AH: You have also previously published a chapbook as well as two full-length collections, and your voice continues to grow with each new work. What major shifts – even changes in craft and style – have you noticed across these three major publications, or how might the work from your chapbook have helped build towards the work in your full-length collections?
GM: My chapbook Of Darkness and Tumbling, and my first full-length collection, Here is the Night and the Night on the Road, were both chronicles of a traumatic loss in my life– the car accident, coma, and subsequent death of my partner at the time. Over the first few years of grieving, my attention span for reading was only for poetry, and specifically for poetry that plumbed the depths of loss and mourning. I’m indebted to so many poets who have gone deeply into the realms of grief and written records of it. Those poems and books saved my life. Writing my own was an act of survival, and publishing it was an offering back to the community of writers who had sustained me through that time, as well as a hope that my own contribution could be a resource for other mourners.

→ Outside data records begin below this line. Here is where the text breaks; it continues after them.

(* Let $\alpha$ be a partial action datum of $M$ on $X\in\mathscr{C}$ such that the coproducts $\coprod_{m\in M}X$ and $\coprod_{(m,n)\in M\times M}\operatorname{dom}\alpha_n$ exist. Then: (i) if $r\colon\alpha\to\beta$ is a reflection of $\alpha$ in $\mathrm{Act}_M(\mathscr{C})$, with $\beta$ acting on $Y$, then $H_{X,\beta}(r)\colon\psi\to\beta$ is a coequalizer of $p,q\colon\varphi\to\psi$ in $\mathrm{Act}_M(\mathscr{C})$; (ii) if $c\colon\psi\to\beta$ is a coequalizer of $p$ and $q$ in $\mathrm{Act}_M(\mathscr{C})$, then $c\circ u_e\colon\alpha\to\beta$ is a reflection of $\alpha$ in $\mathrm{Act}_M(\mathscr{C})$. In particular, $\alpha$ has a reflection in $\mathrm{Act}_M(\mathscr{C})$ if and only if $p$ and $q$ have a coequalizer in $\mathrm{Act}_M(\mathscr{C})$.
   Context: $M$ is a monoid with identity $e$ and $\mathscr{C}$ is a category with pullbacks. A partial action datum of $M$ on $X$ assigns to each $m\in M$ an isomorphism class of spans $[\operatorname{dom}\alpha_m,\iota_m,\alpha_m]$ with $\iota_m\colon\operatorname{dom}\alpha_m\to X$ a monomorphism and $\alpha_m\colon\operatorname{dom}\alpha_m\to X$ (isomorphism of spans: an isomorphism of apexes commuting with both legs); representatives are fixed. A global action of $M$ on $Y$ is a datum with $\beta(m)=[Y,\mathrm{id}_Y,\beta_m]$, $\beta_e=\mathrm{id}_Y$, $\beta_n\circ\beta_m=\beta_{nm}$. Given data $\alpha$ on $X$ and $\beta$ on $Y$ with representatives $[\operatorname{dom}\alpha_m,\iota_m,\alpha_m]$, $[\operatorname{dom}\beta_m,\kappa_m,\beta_m]$, a datum morphism $\alpha\to\beta$ is a morphism $f\colon X\to Y$ such that for each $m$ there is $f_m$ with $\kappa_m\circ f_m=f\circ\iota_m$, $\beta_m\circ f_m=f\circ\alpha_m$. $\mathrm{Act}_M(\mathscr{C})$ is the category of global actions with datum morphisms (for global actions these are the $g$ with $g\circ\beta_m=\gamma_m\circ g$). A reflection of $\alpha$ in $\mathrm{Act}_M(\mathscr{C})$ is a datum morphism $r\colon\alpha\to\beta$ with $\beta$ global such that for every datum morphism $f\colon\alpha\to\gamma$ with $\gamma$ global there is a unique datum morphism $f'\colon\beta\to\gamma$ with $f'\circ r=f$. Let $u_m\colon X\to\coprod_{m\in M}X$ and $u_{(m,n)}\colon\operatorname{dom}\alpha_n\to\coprod_{(m,n)}\operatorname{dom}\alpha_n$ be the coproduct inclusions; $p,q$ are the unique morphisms with $p\circ u_{(m,n)}=u_{mn}\circ\iota_n$, $q\circ u_{(m,n)}=u_m\circ\alpha_n$. $\varphi$ is the global action on $\coprod_{(s,t)}\operatorname{dom}\alpha_t$ with $\varphi_m\circ u_{(s,t)}=u_{(ms,t)}$, and $\psi$ is the global action on $\coprod_s X$ with $\psi_m\circ u_s=u_{ms}$; $p,q$ are morphisms $\varphi\to\psi$ in $\mathrm{Act}_M(\mathscr{C})$. For a global action $\gamma$ on $Z$ and $f\colon X\to Z$, $H_{X,\gamma}(f)$ is the unique morphism $\coprod_m X\to Z$ with $H_{X,\gamma}(f)\circ u_m=\gamma_m\circ f$. *)

theory Defs
  imports Main
begin

text \<open>A category given by explicit carriers. Comp g f denotes g after f,
  defined when Cod f = Dom g.\<close>

record ('o, 'a) cat =
  Obj :: "'o set"
  Arr :: "'a set"
  Dom :: "'a \<Rightarrow> 'o"
  Cod :: "'a \<Rightarrow> 'o"
  Id  :: "'o \<Rightarrow> 'a"
  Comp :: "'a \<Rightarrow> 'a \<Rightarrow> 'a"

definition hom :: "('o, 'a) cat \<Rightarrow> 'o \<Rightarrow> 'o \<Rightarrow> 'a set" where
  "hom C A B = {f \<in> Arr C. Dom C f = A \<and> Cod C f = B}"

definition is_category :: "('o, 'a) cat \<Rightarrow> bool" where
  "is_category C \<longleftrightarrow>
     (\<forall>f \<in> Arr C. Dom C f \<in> Obj C \<and> Cod C f \<in> Obj C) \<and>
     (\<forall>A \<in> Obj C. Id C A \<in> hom C A A) \<and>
     (\<forall>f \<in> Arr C. \<forall>g \<in> Arr C. Cod C f = Dom C g \<longrightarrow>
         Comp C g f \<in> hom C (Dom C f) (Cod C g)) \<and>
     (\<forall>f \<in> Arr C. \<forall>g \<in> Arr C. \<forall>h \<in> Arr C.
         Cod C f = Dom C g \<longrightarrow> Cod C g = Dom C h \<longrightarrow>
         Comp C h (Comp C g f) = Comp C (Comp C h g) f) \<and>
     (\<forall>f \<in> Arr C. Comp C (Id C (Cod C f)) f = f \<and> Comp C f (Id C (Dom C f)) = f)"

definition is_mono :: "('o, 'a) cat \<Rightarrow> 'a \<Rightarrow> bool" where
  "is_mono C f \<longleftrightarrow> f \<in> Arr C \<and>
     (\<forall>g \<in> Arr C. \<forall>h \<in> Arr C. Cod C g = Dom C f \<longrightarrow> Cod C h = Dom C f \<longrightarrow>
        Dom C g = Dom C h \<longrightarrow> Comp C f g = Comp C f h \<longrightarrow> g = h)"

definition has_pullbacks :: "('o, 'a) cat \<Rightarrow> bool" where
  "has_pullbacks C \<longleftrightarrow>
     (\<forall>f \<in> Arr C. \<forall>g \<in> Arr C. Cod C f = Cod C g \<longrightarrow>
        (\<exists>P p1 p2. P \<in> Obj C \<and> p1 \<in> hom C P (Dom C f) \<and> p2 \<in> hom C P (Dom C g) \<and>
           Comp C f p1 = Comp C g p2 \<and>
           (\<forall>Q q1 q2. Q \<in> Obj C \<and> q1 \<in> hom C Q (Dom C f) \<and> q2 \<in> hom C Q (Dom C g) \<and>
              Comp C f q1 = Comp C g q2 \<longrightarrow>
              (\<exists>!h. h \<in> hom C Q P \<and> Comp C p1 h = q1 \<and> Comp C p2 h = q2))))"
lemma sum_pow_F0_labelled_rooted:
  "(\<Sum>g\<in>labelled_rooted q n \<delta> False. 2 ^ F0 q (2 * n) (fst g))
    = card (canonical_rooted q n \<delta>) * 2 ^ (n * q)"
proof -
  note pm = perfect_matching_labelled_rooted
  have "card {X \<in> (\<Pi>\<^sub>E i\<in>{1..q}. {Y. proper_colouring (2 * n) (fst g 0) Y}).
      \<forall>i\<in>{1..q}. proper_colouring (2 * n) (fst g i) (X i)} = 2 ^ F0 q (2 * n) (fst g)"
    if "g \<in> labelled_rooted q n \<delta> False" for g
  proof -
    have "{X \<in> (\<Pi>\<^sub>E i\<in>{1..q}. {Y. proper_colouring (2 * n) (fst g 0) Y}).
        \<forall>i\<in>{1..q}. proper_colouring (2 * n) (fst g i) (X i)}
      = (\<Pi>\<^sub>E i\<in>{1..q}. {Y. proper_colouring (2 * n) (fst g 0) Y \<and> proper_colouring (2 * n) (fst g i) Y})"
      by (intro set_eqI) (simp add: PiE_iff ball_conj_distrib conj_ac)
    then show ?thesis
      using card_common_colourings_pair pm[OF that]
      by (simp add: card_PiE bicoloured_cycles_eq F0_def power_sum)
  qed
  moreover have "card (\<Pi>\<^sub>E i\<in>{1..q}. {Y. proper_colouring (2 * n) (fst g 0) Y}) = 2 ^ (n * q)"
    if "g \<in> canonical_rooted q n \<delta>" for g
  proof -
    have "g \<in> labelled_rooted q n \<delta> False" using that canonical_rooted_subset by blast
    then show ?thesis using card_proper_colourings[OF pm] by (simp add: card_PiE power_mult)
  qed
  moreover have "(\<Sum>g\<in>labelled_rooted q n \<delta> False.
        card {X \<in> (\<Pi>\<^sub>E i\<in>{1..q}. {Y. proper_colouring (2 * n) (fst g 0) Y}).
          \<forall>i\<in>{1..q}. proper_colouring (2 * n) (fst g i) (X i)})
      = (\<Sum>g\<in>canonical_rooted q n \<delta>. card (\<Pi>\<^sub>E i\<in>{1..q}. {Y. proper_colouring (2 * n) (fst g 0) Y}))"
    by (rule sum_twist_pairs) (auto simp: finite_proper_colourings intro!: finite_PiE)
  ultimately show ?thesis by simp
qed

lemma card_labelled_rooted_bipartite:
  "2 * card (labelled_rooted q n \<delta> True) = card (canonical_rooted q n \<delta>) * 2 ^ n"
proof -
  note pm = perfect_matching_labelled_rooted
  have "card {X \<in> (\<lambda>Y (_ :: nat). Y) ` {Y. proper_colouring (2 * n) (fst g 0) Y}.
      \<forall>i\<in>{1..q}. proper_colouring (2 * n) (fst g i) (X i)}
      = (if cg_bipartite q (2 * n) (fst g) then 2 else 0)"
    if "g \<in> labelled_rooted q n \<delta> False" for g
  proof -
    have "{X \<in> (\<lambda>Y (_ :: nat). Y) ` {Y. proper_colouring (2 * n) (fst g 0) Y}.
        \<forall>i\<in>{1..q}. proper_colouring (2 * n) (fst g i) (X i)}
      = (\<lambda>Y (_ :: nat). Y) ` {Y. \<forall>c\<le>q. proper_colouring (2 * n) (fst g c) Y}"
      by (auto simp: image_iff) (metis One_nat_def atLeastAtMost_iff not_less_eq_eq le0 le_zero_eq)+
    moreover have "inj (\<lambda>(Y :: nat set) (_ :: nat). Y)" by (auto intro: injI simp: fun_eq_iff)
    moreover have "colored_graph q (2 * n) (fst g)" using that unfolding labelled_rooted_def by auto
    ultimately show ?thesis using card_bipartitions by (simp add: card_image inj_on_subset)
  qed
  moreover have "card ((\<lambda>Y (_ :: nat). Y) ` {Y. proper_colouring (2 * n) (fst g 0) Y}) = 2 ^ n"
    if "g \<in> canonical_rooted q n \<delta>" for g
  proof -
    have "g \<in> labelled_rooted q n \<delta> False" using that canonical_rooted_subset by blast
    then show ?thesis using card_proper_colourings[OF pm] by (simp add: card_image inj_on_def fun_eq_iff)
  qed
  moreover have "(\<Sum>g\<in>labelled_rooted q n \<delta> False.
        card {X \<in> (\<lambda>Y (_ :: nat). Y) ` {Y. proper_colouring (2 * n) (fst g 0) Y}.
          \<forall>i\<in>{1..q}. proper_colouring (2 * n) (fst g i) (X i)})
      = (\<Sum>g\<in>canonical_rooted q n \<delta>.
          card ((\<lambda>Y (_ :: nat). Y) ` {Y. proper_colouring (2 * n) (fst g 0) Y}))"
    by (rule sum_twist_pairs) (auto simp: finite_proper_colourings)
  ultimately have "(\<Sum>g\<in>labelled_rooted q n \<delta> False. if cg_bipartite q (2 * n) (fst g) then 2 else 0)
      = card (canonical_rooted q n \<delta>) * 2 ^ n"
    by simp
  moreover have "labelled_rooted q n \<delta> True
      = {g \<in> labelled_rooted q n \<delta> False. cg_bipartite q (2 * n) (fst g)}"
    unfolding labelled_rooted_def by auto
  ultimately show ?thesis
    using sum.inter_filter[OF finite_labelled_rooted[of q n \<delta> False],
        where g = "\<lambda>_. 2 :: nat" and P = "\<lambda>g. cg_bipartite q (2 * n) (fst g)"]
    by (simp add: mult.commute)
qed

lemma card_labelled_rooted:
  assumes "1 \<le> q"
  shows "card (labelled_rooted q n (int d) False) = 2 ^ d * card (labelled_rooted q n (int d) True)"
proof -
  let ?L = "labelled_rooted q n (int d) False" and ?C = "canonical_rooted q n (int d)"
  have "2 ^ F0 q (2 * n) (fst g) * 2 ^ d = (2::nat) ^ (1 + (q - 1) * n)" if "g \<in> ?L" for g
    using cg_order_F0[OF assms, of n "fst g" d] that unfolding labelled_rooted_def
    by (auto simp: power_add[symmetric])
  then have "card ?L * 2 ^ (1 + (q - 1) * n) = (\<Sum>g\<in>?L. 2 ^ F0 q (2 * n) (fst g)) * 2 ^ d"
    by (simp add: sum_distrib_right)
  also have "\<dots> = card ?C * 2 ^ (n + (q - 1) * n) * 2 ^ d"
  proof -
    have "n * q = n + (q - 1) * n" using assms by (cases q) (simp_all add: algebra_simps)
    then show ?thesis by (simp add: sum_pow_F0_labelled_rooted)
  qed
  also have "\<dots> = card ?C * 2 ^ n * 2 ^ ((q - 1) * n) * 2 ^ d" by (simp add: power_add)
  also have "\<dots> = (2 ^ d * card (labelled_rooted q n (int d) True)) * 2 ^ (1 + (q - 1) * n)"
    using card_labelled_rooted_bipartite[of q n "int d"] by (simp add: power_add)
  finally show ?thesis by simp
qed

It took a long time before I was ready to write something not born solely out of this loss. I’m still writing poems about it––because, after all, we’re never done grieving–– but when I felt able to turn my gaze in new directions, I began the seeds of the poems that became Might Kindred, my second full-length, which will be out in November of this year. The subjects of these poems are wide-reaching, and draw upon my many obsessions, but they’re all oriented around the possibility and impossibility of belonging–– to people, to places, to language, to God.
I experience both my chapbook and first full-length collection as one long poem, broken into parts, but ultimately each poem a unit of a larger unified whole. With Might Kindred, I taught myself to write individual poems, and to understand each poem as its own tiny universe or ecosystem. The poems in Might Kindred differ more from one another, they each have their own rules and concerns. This book contains more poems in form, something else I was learning as I worked on the manuscript. In many ways, it’s a collection of my origin stories–– a map of the places, people, and politics that have shaped me. I studied with some incredible teachers while I was writing Might Kindred, and I was able to build poetry community that I couldn’t previously prioritize during ten years of rabbinic training. Both stretched my writing in new directions– I learned to trust language in new ways, to listen more deeply to the poems, and to be surprised by my writing process. I swapped poems for feedback with many peers and friends while I was writing Might Kindred. There are a lot of eyes and hearts on those poems– they belong to a web of kindreds.
By the time I was in final revisions for Might Kindred, I was so sick of writing from an autobiographical “I,” and I found myself turning to Jewish textual tradition as a way to inhabit something new. I felt done for a while with my personal origin stories, interested instead in our communal origin stories, through persona poems, centos, translations, and the braiding of my own language with ancient Hebrew sources. “Occupational Hazards” comes out of this period, a period I feel I’m very much still inside of. I’m really curious about the proximities and touchpoints between contemporary life and ancient tradition. In many ways, it’s where I live out my days, and increasingly, I hope for it to be the margin from which my poems emerge.